My biggest stalk is at a height of 35cm (excluding the roots) and width 25cm.. Still growing... But this is my Echinodorus sp Satan species..

For Echinodorus sp Iguazu '2009', the one I am having now about 15cm height, width about 20cm.. Still growing as well.. Haha.. But Echinodorus sp Opacus 'Verde' or 'Rataj' is small...

I think depends greatly on the conditions they kept in.. I am keeping in non-CO2 environment, no fertilizer regime..

----------


## David

Thanks for the indication.....looks like the Echino that I know now is considered 'Old-School'.....LOL!!! any idea where to get the ones you are talking about?

----------


## armageddon

need some help, can help to identify this?



thanks.

----------


## barmby

echinodorus ozelot

----------


## armageddon

> echinodorus ozelot


common in singapore?
is it easy to grow?

----------


## barmby

Common.

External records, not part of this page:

lemma cinner_self: "cinner x x = complex_of_real ((norm x)\<^sup>2)"
proof -
  have "(norm x)\<^sup>2 = (\<Sum>i\<in>UNIV. (norm (x $ i))\<^sup>2)"
    by (simp add: norm_vec_def L2_set_def sum_nonneg)
  then show ?thesis
    by (simp add: cinner_def complex_norm_square mult.commute del: of_real_power)
qed

lemma norm_power2_cinner: "(norm x)\<^sup>2 = Re (cinner x x)"
  by (simp add: cinner_self)

lemma cinner_matrix_vector_mult: "cinner x (M *v y) = cinner (cadj M *v x) y"
  by (simp add: cinner_def matrix_vector_mult_def sum_distrib_left sum_distrib_right
      algebra_simps) (rule sum.swap)

lemma cinner_hermitian: "hermitian A \<Longrightarrow> cinner (A *v x) y = cinner x (A *v y)"
  by (simp add: cinner_matrix_vector_mult hermitian_def)

lemma matrix_vector_mult_scaleR: "(A::complex^'n^'m) *v (c *\<^sub>R x) = c *\<^sub>R (A *v x)"
  by (simp add: vec_eq_iff matrix_vector_mult_def scaleR_sum_right)

definition orthonormal :: "(complex^'n) set \<Rightarrow> bool" where
  "orthonormal S \<longleftrightarrow> (\<forall>s\<in>S. \<forall>t\<in>S. cinner s t = (if s = t then 1 else 0))"

text \<open>A complex vector is a real combination of itself and its multiple by \<open>\<i>\<close>, so the
  complex span of \<open>S\<close> lies in the real span of \<open>S \<union> \<i>S\<close>, of real dimension \<open>\<le> 2 card S\<close>.\<close>
lemma exists_orthogonal_nonzero:
  fixes S :: "(complex^'n) set"
  assumes fin: "finite S" and card: "card S < CARD('n)" and on: "orthonormal S"
  shows "\<exists>v. v \<noteq> 0 \<and> (\<forall>s\<in>S. cinner s v = 0)"
proof -
  let ?T = "S \<union> (\<lambda>s. \<i> *s s) ` S"
  have "card ?T \<le> card S + card ((\<lambda>s. \<i> *s s) ` S)" by (rule card_Un_le)
  also have "\<dots> \<le> 2 * card S" using card_image_le[OF fin, of "\<lambda>s. \<i> *s s"] by simp
  finally have card_T: "card ?T < DIM(complex^'n)" using card by simp
  obtain y where y: "y \<notin> span ?T"
    using dim_le_card[of UNIV ?T] fin card_T by (auto simp: not_le)
  define v where "v = y - (\<Sum>s\<in>S. cinner s y *s s)"
  have orth: "cinner t v = 0" if t: "t \<in> S" for t
  proof -
    have "cinner t (\<Sum>s\<in>S. cinner s y *s s) = (\<Sum>s\<in>S. cinner s y * cinner t s)"
      using fin by (simp add: cinner_sum_right cinner_smult_right)
    also have "\<dots> = (\<Sum>s\<in>S. if t = s then cinner s y else 0)"
      using on t unfolding orthonormal_def by (intro sum.cong) auto
    also have "\<dots> = cinner t y" using fin t by simp
    finally show ?thesis by (simp add: v_def cinner_diff_right)
  qed
  have "(\<Sum>s\<in>S. cinner s y *s s) \<in> span ?T"
  proof (rule span_sum)
    fix s assume "s \<in> S"
    have "c *s s = Re c *\<^sub>R s + Im c *\<^sub>R (\<i> *s s)" for c
      by (simp add: vec_eq_iff complex_eq_iff)
    then show "cinner s y *s s \<in> span ?T"
      by (metis span_add span_scale span_base \<open>s \<in> S\<close> UnI1 UnI2 imageI)
  qed
  then have "v \<noteq> 0" using y by (auto simp: v_def)
  with orth show ?thesis by blast
qed

lemma quadratic_le_0_imp_linear_coeff_0:
  fixes a c :: real
  assumes "\<forall>t. 2 * t * a + t\<^sup>2 * c \<le> 0"
  shows "a = 0"
proof -
  have no_pos: False if pos: "b > 0" and le: "\<forall>t. 2 * t * b + t\<^sup>2 * c \<le> 0" for b
  proof -
    define t where "t = b / (\<bar>c\<bar> + 1)"
    have t: "t > 0" using pos by (simp add: t_def)
    have "t * \<bar>c\<bar> < b" using pos by (simp add: t_def field_simps)
    then have "t\<^sup>2 * \<bar>c\<bar> < t * b" using t by (simp add: power2_eq_square mult.assoc)
    moreover have "t\<^sup>2 * (- \<bar>c\<bar>) \<le> t\<^sup>2 * c" by (rule mult_left_mono) auto
    moreover have "t * b > 0" using t pos by simp
    ultimately have "2 * t * b + t\<^sup>2 * c > 0" by linarith
    with le show False by (meson not_le)
  qed
  have "2 * t * (- a) + t\<^sup>2 * c \<le> 0" for t
    using assms[rule_format, of "- t"] by simp
  then show ?thesis
    using no_pos[of a] no_pos[of "- a"] assms by force
qed

text \<open>The Rayleigh quotient argument: a maximiser of \<open>x\<^sup>H A x\<close> on the unit sphere of an
  \<open>A\<close>-invariant subspace is an eigenvector, because perturbing it within the subspace in the
  direction of the residual \<open>A x - \<lambda> x\<close> would increase the quotient.\<close>
lemma rayleigh_maximiser_eigenvector:
  fixes A :: "complex^'n^'n"
  assumes herm: "hermitian A" and V: "subspace V" and inv: "\<And>v. v \<in> V \<Longrightarrow> A *v v \<in> V"
    and x: "x \<in> V" "norm x = 1"
    and max: "\<And>y. y \<in> V \<Longrightarrow> Re (cinner y (A *v y)) \<le> Re (cinner x (A *v x)) * (norm y)\<^sup>2"
  shows "A *v x = Re (cinner x (A *v x)) *\<^sub>R x"
proof -
  define q where "q y = Re (cinner y (A *v y))" for y
  define lam where "lam = q x"
  define w where "w = A *v x - lam *\<^sub>R x"
  have "w \<in> V" using V inv x by (simp add: w_def subspace_diff subspace_scale)
  then have line: "x + t *\<^sub>R w \<in> V" for t using V x by (simp add: subspace_add subspace_scale)
  have sym_Aw: "Re (cinner x (A *v w)) = Re (cinner w (A *v x))"
    by (metis cinner_commute cinner_hermitian[OF herm] cnj.sel(1))
  have sym_w: "Re (cinner x w) = Re (cinner w x)" by (metis cinner_commute cnj.sel(1))
  have Aw_x: "Re (cinner w (A *v x)) = (norm w)\<^sup>2 + lam * Re (cinner w x)"
    by (simp add: w_def cinner_diff_right cinner_scaleR_right norm_power2_cinner)
  have "2 * t * (norm w)\<^sup>2 + t\<^sup>2 * (q w - lam * (norm w)\<^sup>2) \<le> 0" for t
  proof -
    have "cinner (x + t *\<^sub>R w) (A *v (x + t *\<^sub>R w)) = cinner x (A *v x)
        + t *\<^sub>R cinner x (A *v w) + (t *\<^sub>R cinner w (A *v x) + (t * t) *\<^sub>R cinner w (A *v w))"
      by (simp add: matrix_vector_right_distrib matrix_vector_mult_scaleR cinner_add_left
          cinner_add_right cinner_scaleR_left cinner_scaleR_right add.assoc scaleR_add_right)
    then have q_line: "q (x + t *\<^sub>R w) = lam + 2 * t * Re (cinner w (A *v x)) + t\<^sup>2 * q w"
      using sym_Aw by (simp add: q_def lam_def power2_eq_square)
    have "(norm (x + t *\<^sub>R w))\<^sup>2 = Re (cinner (x + t *\<^sub>R w) (x + t *\<^sub>R w))"
      by (rule norm_power2_cinner)
    also have "cinner (x + t *\<^sub>R w) (x + t *\<^sub>R w) = cinner x x + t *\<^sub>R cinner x w
        + (t *\<^sub>R cinner w x + (t * t) *\<^sub>R cinner w w)"
      by (simp add: cinner_add_left cinner_add_right cinner_scaleR_left cinner_scaleR_right
          add.assoc scaleR_add_right)
    finally have norm_line:
        "(norm (x + t *\<^sub>R w))\<^sup>2 = 1 + 2 * t * Re (cinner w x) + t\<^sup>2 * (norm w)\<^sup>2"
      using sym_w x(2) by (simp add: cinner_self power2_eq_square)
    have "q (x + t *\<^sub>R w) \<le> lam * (norm (x + t *\<^sub>R w))\<^sup>2"
      using max[OF line] by (simp add: q_def lam_def)
    then show ?thesis unfolding q_line norm_line Aw_x by (simp add: algebra_simps)
  qed
  then have "(norm w)\<^sup>2 = 0" by (intro quadratic_le_0_imp_linear_coeff_0) auto
  then show ?thesis by (simp add: w_def lam_def q_def)
qed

Can be found in C328. There are a few variants with Red flame being one of them. I might be wrong. Having said that...most echinodorus species are relatively easy to grow if they are given a nutritious bottom, likewise for ozelot, yeah easy.. : )

----------


## Simon

to be exact, it is E. ozelot 'green', there is the red var., difference is in the young leaf. E. 'red flame' is one of the many hybrids.


E. 'Vesuvius at Teo

----------


## Simon

Uncle Teo intro this as a new species, its emerse, so no idea what it looked like submerse

----------


## leehyeok

Hi,

Will like to check which lfs can get these plants?

----------


## alvinchan80

> Hi,
> 
> Will like to check which lfs can get these plants?


They are not available locally.. You can pm me, I have some extra stalks...  :Smile:

----------


## armageddon

i have some hadi red paerl to sell if you want.  :Smile:

----------


## cheetf

> i have some hadi red paerl to sell if you want.


Maybe you should start another thread? Getting a bit OT here.

----------


## armageddon

> Maybe you should start another thread? Getting a bit OT here.


got it. sorry.

----------


## David

....I need to find E. Hormanii Green (narrow leaf)....seems like the whole freaking market does not have this one anymore

----------